Without going into details, I will use the results of the experiment of the portal internetwache.org. Among the 1M most popular websites (according to Amazon) as many as 10k domains shared such a file. Over 600 of them contained information about a file with the .bak extension, of which “only” 2 had the name “db.bak”. I wonder what this file could contain… Of course, authentication was important here, or rather the lack of it. It may not be a large scale, but it shows that potentially meaningless information in the hands of hackers can be dangerous for us.
Let’s talk more about authentication in the context of our repositories. It is critical to use additional security features such as 2-factor authentication. Github strongly insists on using this type of access, or by using SSH, and moving away from the traditional login-password approach. But let’s assume for a moment that we have such security in place, and still the hacker managed to, for example, steal a personal token and logged in correctly. How can we protect ourselves against that? By applying restricted access to the repository. By default, you should block access everywhere and only grant the necessary minimum. It is also worth making sure that such access is revoked if the employee changes the project or leaves the company.
As for the passwords, I will only add the obvious obviousness that they should be strong and, above all, not used anywhere else!
You also have to be careful with your tokens. This is a good way to strengthen the authentication protection, but if we inadvertently provide our token in the repository URL (e.g. when performing the git clone operation), such a token will be added to the local GIT config file. Coming back to the story about the May 2019 attack, such information in the configuration file can do us a lot of harm.
Reflect on how theory compares to practice. We all do Pull Requests always before putting new code into our repositories, right? From a formal point of view, it is so, but it is important how the Pull Request will be carried out. This is a weak point because the human factor is decisive here, and that often fails when it comes to security. Consider a tool for static analysis of each Pull Request. There are several available on the market, or you can prepare your own if you want to, anyway it is worth equipping yourself with such a tool. How to do it on your own? GIT enables GIT HOOKS, which is a mechanism that runs specific scripts for a given event. For example, when adding a new commit or on every PUSH/PULL operation. It may run whatever and whenever you need. In this way, we can protect our projects against committing solutions that contain passwords or other things that should not be public.
Am I prepared for that?
Let’s go back to the effects of ransomware attacks on our repositories.
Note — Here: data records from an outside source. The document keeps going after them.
(* Let $(\Delta_0,\mathfrak o_0,m_0,q_0)$ be a quantized Brauer graph. Then there is a tower of quantized Brauer covering graphs $(\Delta_0,\mathfrak o_0,m_0,q_0),(\Delta_1,\mathfrak o_1,m_1,q_1),(\Delta_2,\mathfrak o_2,m_2,q_2),(\Delta_3,\mathfrak o_3,m_3,q_3)$ such that: (1) the multiplicity function $m_3$ is identically $1$; (2) the graph $\Delta_3$ has no loops; (3) the graph $\Delta_3$ has no multiple edges.
   Context: Brauer graphs. A Brauer graph $(\Delta,\mathfrak o,m)$ is a finite connected graph $\Delta$ (loops and multiple edges allowed) with vertex set (here written) $V(\Delta)$, edge set $E(\Delta)$ and at least one edge, together with a multiplicity function $m:V(\Delta)\to\mathbb Z_{\ge 1}$ and, for each vertex $\mu$, a cyclic ordering $\mathfrak o$ of the edges incident with $\mu$. A loop at $\mu$ occurs twice in the cyclic ordering at $\mu$; its two occurrences are regarded as two distinct edges (each with its own successor). Edge $j$ is the successor of edge $i$ at $\mu$ if $j$ immediately follows $i$ in the cyclic ordering at $\mu$. The valency $\operatorname{val}(\mu)$ is the number of edges incident with $\mu$, loops counted twice; if $\operatorname{val}(\mu)=1$ the unique edge at $\mu$ is its own successor. An edge $i$ is truncated at its endpoint $\mu$ if $\operatorname{val}(\mu)=1$ and $m(\mu)=1$. Fix a field $K$. A quantized Brauer graph $(\Delta,\mathfrak o,m,q)$ is a Brauer graph with a function $q:\mathcal X_\Delta\to K\setminus\{0\}$, $(i,\mu)\mapsto q_{i,\mu}$, where $\mathcal X_\Delta$ is the set of pairs $(i,\mu)$ with $\mu$ an endpoint of $i$ and $i$ not truncated at either of its endpoints. Successor weightings. Let $G$ be a finite abelian group. For a vertex $\mu$ let $\mathcal Z_\mu$ be the set of pairs $(i,j)$ of edges with $j$ the successor of $i$ at $\mu$, and $\mathcal Z_\Delta=\bigsqcup_{\mu}\mathcal Z_\mu$ (disjoint union). A successor weighting is a function $W:\mathcal Z_\Delta\to G$. Put $\omega_\mu=\prod_{(i,j)\in\mathcal Z_\mu}W(i,j)$, let $\operatorname{ord}(\mu)$ be the order of $\omega_\mu$ in $G$, and $H_\mu=\langle\omega_\mu\rangle$. $W$ is a Brauer weighting if $\operatorname{ord}(\mu)$ divides $m(\mu)$ for all vertices $\mu$. For each $\mu$, $\sim$ is the equivalence relation on the set of pairs $(i,H_\mu g)$ ($i$ incident with $\mu$, $g\in G$) generated by $(i,H_\mu g)\sim(j,H_\mu gW(i,j))$ whenever $j$ is the successor of $i$ at $\mu$; the class of $(i,H_\mu g)$ is $[i,H_\mu g]$, and $\mathcal D_\mu$ is the set of classes. Brauer covering graph. The graph $\Delta_W$ has vertices $\mu_d$ ($\mu$ a vertex of $\Delta$, $d\in\mathcal D_\mu$) and edges $i_g$ ($i$ an edge of $\Delta$, $g\in G$). If $i$ has endpoints $\mu$ and $\nu$, then $i_g$ has endpoints $\mu_{[i,H_\mu g]}$ and $\nu_{[i,H_\nu g]}$; if $i$ is a loop at $\mu$ with its two occurrences $i,\hat i$, then $i_g$ has endpoints $\mu_{[i,H_\mu g]}$ and $\mu_{[\hat i,H_\mu g]}$. The cyclic ordering $\mathfrak o_W$ is defined by: if $j$ is the successor of $i$ at $\mu$, then $j_{gW(i,j)}$ is the successor of $i_g$ at $\mu_{[i,H_\mu g]}$. For a Brauer weighting, $m_W(\mu_d)=m(\mu)/\operatorname{ord}(\mu)$. Given a quantizing function $q$ on $\Delta$, $q_W(i_g,\mu_d)=q_{i,\mu}$, and $(\Delta_W,\mathfrak o_W,m_W,q_W)$ is the quantized Brauer covering graph. Towers. A sequence $(\Delta_0,\mathfrak o_0,m_0,q_0),\dots,(\Delta_n,\mathfrak o_n,m_n,q_n)$ of quantized Brauer graphs is a tower of quantized Brauer covering graphs if for each $1\le k\le n$ there are a finite abelian group $G_k$ and a Brauer weighting $W_k:\mathcal Z_{\Delta_{k-1}}\to G_k$ of $(\Delta_{k-1},\mathfrak o_{k-1},m_{k-1},q_{k-1})$ such that $(\Delta_k,\mathfrak o_k,m_k,q_k)$ is the quantized Brauer covering graph associated to $W_k$. *)

theory Defs
  imports "HOL-Algebra.Algebra"
begin
(* Suppose the weight function $w$ satisfies $w\le M$ almost everywhere. Then there exists an absolute constant $C>0$ such that for every $n\ge1$ and every $-1<x<1$, $$\lambda(x)\le\frac{CM}{n}\max\left\{\sqrt{1-x^2},\frac1n\right\}.$$
   Context: A weight function is a non-negative integrable function $w$ on $[-1,1]$ with nonzero integral. Fix $n\ge1$. Let $\varphi$ be the orthonormal polynomial of degree $n$ with positive leading coefficient w.r.t. $w(t)\,dt$ on $[-1,1]$ and $\psi$ the orthonormal polynomial of degree $n-1$ with positive leading coefficient w.r.t. $(1-t^2)w(t)\,dt$. For real $a$ let $P_a(t)=\varphi(t)-a(1-t)\psi(t)$ if $a\ge0$, $P_a(t)=\varphi(t)-a(1+t)\psi(t)$ if $a\le0$; its zeros are $-1<\xi_1(a)<\dots<\xi_n(a)<1$. The zeros of $(1-t^2)\psi(t)$ are $-1=\eta_0<\eta_1<\dots<\eta_n=1$. The following node sets each carry a unique quadrature formula with positive weights exact for all polynomials of degree $\le 2n-1$ with respect to $w$: $\{\xi_i(0)\}_{i=1}^n$; $\{\eta_0,\dots,\eta_n\}$; $\{-1\}\cup\{\xi_i(a)\}_i$ for $0<a<\infty$; $\{\xi_i(a)\}_i\cup\{1\}$ for $-\infty<a<0$. Each $x\in(-1,1)$ is a node of exactly one of them, denoted $\Sigma_x$; $\lambda(x)$ is the weight of $x$ in $\Sigma_x$. *)

theory Defs
  imports "HOL-Analysis.Analysis" "HOL-Computational_Algebra.Polynomial"
begin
We’ve covered a number of ways to increase security, but none of them gives us a 100% guarantee. The arms race in the subject of security will never allow us to be completely calm. We can have an excellent and secure process for making changes to the repository, follow recommendations, change SSH keys regularly, and so on, but still – we can fall victim to a ransomware attack, just like every third company. It is necessary here not only to take care of security, but also to prepare a plan for what we can and what we should do when an attack occurs. The obvious answer is to do a proper regular backup of our repositories and have a way to easily restore them if needed. So answer yourself – are you and your company prepared for this?